§ **SOURCE INFORMATION**:
lemma kernel_orthant_graded_monoid:
  "graded_monoid (kernel_orthant m k M \<sigma>) (\<lambda>z. \<Sum>i<k. nat \<bar>z i\<bar>)"
proof
  show "0 \<in> kernel_orthant m k M \<sigma>" by (simp add: kernel_orthant_def)
next
  fix a b assume a: "a \<in> kernel_orthant m k M \<sigma>" and b: "b \<in> kernel_orthant m k M \<sigma>"
  then show "a + b \<in> kernel_orthant m k M \<sigma>"
    by (auto simp: kernel_orthant_def distrib_left sum.distrib split: if_splits)
      (metis add_nonneg_nonneg add_nonpos_nonpos)+
  have "nat \<bar>a i + b i\<bar> = nat \<bar>a i\<bar> + nat \<bar>b i\<bar>" if "i < k" for i
  proof -
    from that a b have "(0 \<le> a i \<and> 0 \<le> b i) \<or> (a i \<le> 0 \<and> b i \<le> 0)"
      by (auto simp: kernel_orthant_def split: if_splits)
    then show ?thesis by auto
  qed
  then show "(\<Sum>i<k. nat \<bar>(a + b) i\<bar>) = (\<Sum>i<k. nat \<bar>a i\<bar>) + (\<Sum>i<k. nat \<bar>b i\<bar>)"
    by (simp add: sum.distrib[symmetric])
next
  fix a assume a: "a \<in> kernel_orthant m k M \<sigma>"
  show "(\<Sum>i<k. nat \<bar>a i\<bar>) = 0 \<longleftrightarrow> a = 0"
  proof
    assume "(\<Sum>i<k. nat \<bar>a i\<bar>) = 0"
    then have "\<forall>i<k. a i = 0" by simp
    with a show "a = 0" by (auto simp: kernel_orthant_def fun_eq_iff) (metis not_le)
  qed simp
qed

lemma graver_basis_conformally_primitive:
  assumes "z \<in> graver_basis m k M"
  shows "conformally_primitive (int_kernel m k M) z"
proof -
  obtain \<sigma> where z: "z \<in> irreducibles (kernel_orthant m k M \<sigma>)"
    using assms unfolding graver_basis_def
      graded_monoid.hilbert_basis_eq_irreducibles[OF kernel_orthant_graded_monoid] by blast
  let ?S = "kernel_orthant m k M \<sigma>"
  have "z \<in> ?S" "z \<noteq> 0" using z by (auto simp: irreducibles_def)
  have orthant: "u \<in> ?S" if "u \<in> int_kernel m k M" "sign_conformal u z" for u
    using that \<open>z \<in> ?S\<close> unfolding kernel_orthant_def int_kernel_def sign_conformal_def
    by (auto split: if_splits)
  show ?thesis
    unfolding conformally_primitive_def
  proof (intro conjI ballI impI)
    show "z \<in> int_kernel m k M" using \<open>z \<in> ?S\<close> by (simp add: kernel_orthant_def int_kernel_def)
    fix u v assume "u \<in> int_kernel m k M" "v \<in> int_kernel m k M" "z = u + v"
      "sign_conformal u z" "sign_conformal v z"
    then show "u = 0 \<or> v = 0" using z orthant unfolding irreducibles_def by blast
  qed (fact \<open>z \<noteq> 0\<close>)
qed

section \<open>Conformally primitive elements of integer lattices\<close>

locale int_lattice =
  fixes L :: "(nat \<Rightarrow> int) set" and k :: nat
  assumes support: "w \<in> L \<Longrightarrow> k \<le> i \<Longrightarrow> w i = 0"
    and zero_mem: "0 \<in> L"
    and add_mem: "u \<in> L \<Longrightarrow> v \<in> L \<Longrightarrow> u + v \<in> L"
    and diff_mem: "u \<in> L \<Longrightarrow> v \<in> L \<Longrightarrow> u - v \<in> L"
begin

lemma scaled_mem:
  fixes c :: int
  assumes "w \<in> L"
  shows "(\<lambda>j. c * w j) \<in> L"
proof -
  have nat_scaled: "(\<lambda>j. int n * w j) \<in> L" for n
  proof (induction n)
    case 0
    then show ?case using zero_mem by (simp add: zero_fun_def)
  next
    case (Suc n)
    then have "(\<lambda>j. int n * w j) + w \<in> L" using assms add_mem by blast
    then show ?case by (simp add: plus_fun_def algebra_simps)
  qed
  then have "0 - (\<lambda>j. int n * w j) \<in> L" for n using zero_mem diff_mem by blast
  then have "(\<lambda>j. - int n * w j) \<in> L" for n by (simp add: fun_diff_def)
  with nat_scaled show ?thesis by (cases c rule: int_cases2) auto
qed

lemma lincomb_mem:
  fixes K :: nat
  assumes "\<forall>q<K. e q \<in> L"
  shows "(\<lambda>j. \<Sum>q<K. c q * e q j) \<in> L"
  using assms
proof (induction K)
  case 0
  then show ?case using zero_mem by (simp add: zero_fun_def)
next
  case (Suc K)
  then have "(\<lambda>j. \<Sum>q<K. c q * e q j) + (\<lambda>j. c K * e K j) \<in> L"
    using add_mem scaled_mem by simp
  then show ?case by (simp add: plus_fun_def)
qed

text \<open>Interleaving positive and negative parts turns the conformal order on \<open>L\<close> into the
  componentwise order on \<open>\<nat>\<^sup>2\<^sup>k\<close>.\<close>

definition sign_split :: "(nat \<Rightarrow> int) \<Rightarrow> nat \<Rightarrow> nat" where
  "sign_split w l =
     (if l < 2 * k then (if even l then nat (w (l div 2)) else nat (- w (l div 2))) else 0)"

lemma sign_split_le:
  assumes "sign_split p \<le> sign_split q" "i < k"
  shows "(0 \<le> q i \<longrightarrow> 0 \<le> p i \<and> p i \<le> q i) \<and> (q i \<le> 0 \<longrightarrow> p i \<le> 0 \<and> q i \<le> p i)"
proof -
  have "sign_split p (2 * i) \<le> sign_split q (2 * i)" "sign_split p (2 * i + 1) \<le> sign_split q (2 * i + 1)"
    using assms(1) by (simp_all add: le_fun_def)
  then have "nat (p i) \<le> nat (q i)" "nat (- p i) \<le> nat (- q i)"
    using assms(2) by (auto simp: sign_split_def)
  then show ?thesis by auto
qed

lemma primitive_eq_if_sign_split_le:
  assumes p: "conformally_primitive L p" and q: "conformally_primitive L q"
    and le: "sign_split p \<le> sign_split q"
  shows "p = q"
proof -
  have "p \<in> L" "q \<in> L" using p q by (simp_all add: conformally_primitive_def)
  have "(0 \<le> q i \<longrightarrow> 0 \<le> p i \<and> p i \<le> q i) \<and> (q i \<le> 0 \<longrightarrow> p i \<le> 0 \<and> q i \<le> p i)" for i
    using sign_split_le[OF le, of i] support[OF \<open>p \<in> L\<close>, of i] support[OF \<open>q \<in> L\<close>, of i]
    by (cases "i < k") auto
  then have "sign_conformal p q" "sign_conformal (q - p) q"
    by (auto simp: sign_conformal_def)
  moreover have "q = p + (q - p)" by simp
  ultimately have "p = 0 \<or> q - p = 0"
    using q diff_mem[OF \<open>q \<in> L\<close> \<open>p \<in> L\<close>] \<open>p \<in> L\<close> unfolding conformally_primitive_def by blast
  then show "p = q" using p by (auto simp: conformally_primitive_def)
qed

lemma finite_primitive: "finite {w. conformally_primitive L w}"
proof -
  let ?P = "{w. conformally_primitive L w}"
  have "inj_on sign_split ?P"
    by (rule inj_onI) (metis mem_Collect_eq order_refl primitive_eq_if_sign_split_le)
  moreover have "finite (sign_split ` ?P)"
  proof (rule finite_pointwise_antichain[of _ "2 * k"])
    show "v l = 0" if "v \<in> sign_split ` ?P" "2 * k \<le> l" for v l
      using that by (auto simp: sign_split_def)
    show "v = w" if "v \<in> sign_split ` ?P" "w \<in> sign_split ` ?P" "v \<le> w" for v w
    proof -
      from that obtain p q where "conformally_primitive L p" "conformally_primitive L q"
        "v = sign_split p" "w = sign_split q" by auto
      with \<open>v \<le> w\<close> show ?thesis using primitive_eq_if_sign_split_le by metis
    qed
  qed
  ultimately show ?thesis using finite_imageD by blast
qed

lemma weight_pos:
  assumes "x \<in> L" "x \<noteq> 0"
  shows "0 < (\<Sum>i<k. nat \<bar>x i\<bar>)"
proof -
  obtain i where "x i \<noteq> 0" using assms(2) by (auto simp: fun_eq_iff)
  moreover from this have "i < k" using support[OF assms(1)] by (cases "i < k") auto
  ultimately show ?thesis by (auto intro: sum_pos2)
qed

lemma conformal_decomposition:
  assumes es: "set es = {w. conformally_primitive L w}"
  shows "w \<in> L \<Longrightarrow> \<exists>m. w = (\<lambda>j. \<Sum>q<length es. int (m q) * (es ! q) j) \<and>
          (\<forall>q<length es. 0 < m q \<longrightarrow> sign_conformal (es ! q) w)"
proof (induction "\<Sum>i<k. nat \<bar>w i\<bar>" arbitrary: w rule: less_induct)
  case less
  consider "w = 0" | "conformally_primitive L w"
    | u v where "u \<in> L" "v \<in> L" "w = u + v" "sign_conformal u w" "sign_conformal v w"
      "u \<noteq> 0" "v \<noteq> 0"
    using less.prems unfolding conformally_primitive_def by blast
  then show ?case
  proof cases
    case 1
    then show ?thesis by (intro exI[of _ "\<lambda>_. 0"]) (simp add: zero_fun_def)
  next
    case 2
    then obtain q0 where q0: "q0 < length es" "w = es ! q0"
      using es by (metis in_set_conv_nth mem_Collect_eq)
    have "(\<Sum>q<length es. int (if q = q0 then 1 else 0) * (es ! q) j) =
        (\<Sum>q<length es. if q = q0 then (es ! q) j else 0)" for j
      by (rule sum.cong) auto
    then have "(\<Sum>q<length es. int (if q = q0 then 1 else 0) * (es ! q) j) = w j" for j
      using q0 by simp
    then show ?thesis
      using q0 sign_conformal_refl by (intro exI[of _ "\<lambda>q. if q = q0 then 1 else 0"]) auto
  next
    case (3 u v)
    have "nat \<bar>w i\<bar> = nat \<bar>u i\<bar> + nat \<bar>v i\<bar>" for i
      using 3(3-5) by (simp add: nat_abs_add_sign_conformal)
    then have lt: "(\<Sum>i<k. nat \<bar>u i\<bar>) < (\<Sum>i<k. nat \<bar>w i\<bar>)" "(\<Sum>i<k. nat \<bar>v i\<bar>) < (\<Sum>i<k. nat \<bar>w i\<bar>)"
      using weight_pos[OF 3(1,6)] weight_pos[OF 3(2,7)] by (simp_all add: sum.distrib)
    obtain mu where
      mu: "u = (\<lambda>j. \<Sum>q<length es. int (mu q) * (es ! q) j)"
        "\<forall>q<length es. 0 < mu q \<longrightarrow> sign_conformal (es ! q) u"
      using less.hyps[OF lt(1) 3(1)] by blast
    obtain mv where
      mv: "v = (\<lambda>j. \<Sum>q<length es. int (mv q) * (es ! q) j)"
        "\<forall>q<length es. 0 < mv q \<longrightarrow> sign_conformal (es ! q) v"
      using less.hyps[OF lt(2) 3(2)] by blast
    show ?thesis
    proof (intro exI[of _ "\<lambda>q. mu q + mv q"] conjI allI impI)
      show "w = (\<lambda>j. \<Sum>q<length es. int (mu q + mv q) * (es ! q) j)"
        using 3(3) mu(1) mv(1) by (simp add: plus_fun_def distrib_right sum.distrib)
      fix q assume "q < length es" "0 < mu q + mv q"
      then show "sign_conformal (es ! q) w"
        using mu(2) mv(2) 3(4,5) sign_conformal_trans by (meson add_gr_0)
    qed
  qed
qed

end

lemma int_lattice_int_kernel: "int_lattice (int_kernel m k M) k"
  by unfold_locales
    (auto simp: int_kernel_def right_diff_distrib distrib_left sum.distrib sum_subtractf)

section \<open>Bricks of the block matrix\<close>

lemma sum_lessThan_add:
  "(\<Sum>c<(a::nat) + b. f c) = (\<Sum>c<a. f c) + (\<Sum>t<b. f (a + t) :: 'a::comm_monoid_add)"
  by (induction b) (simp_all add: add.assoc)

§ **TASK INSTRUCTIONS**:
Your task is to restate, word for word, only those lines above that fall between the line holding "proof (intro conjI ballI impI)" and the line holding "and k :: nat", inclusive.

§ **RESULT OF THIS EXERCISE**:
  proof (intro conjI ballI impI)
    show "z \<in> int_kernel m k M" using \<open>z \<in> ?S\<close> by (simp add: kernel_orthant_def int_kernel_def)
    fix u v assume "u \<in> int_kernel m k M" "v \<in> int_kernel m k M" "z = u + v"
      "sign_conformal u z" "sign_conformal v z"
    then show "u = 0 \<or> v = 0" using z orthant unfolding irreducibles_def by blast
  qed (fact \<open>z \<noteq> 0\<close>)
qed

section \<open>Conformally primitive elements of integer lattices\<close>

locale int_lattice =
  fixes L :: "(nat \<Rightarrow> int) set" and k :: nat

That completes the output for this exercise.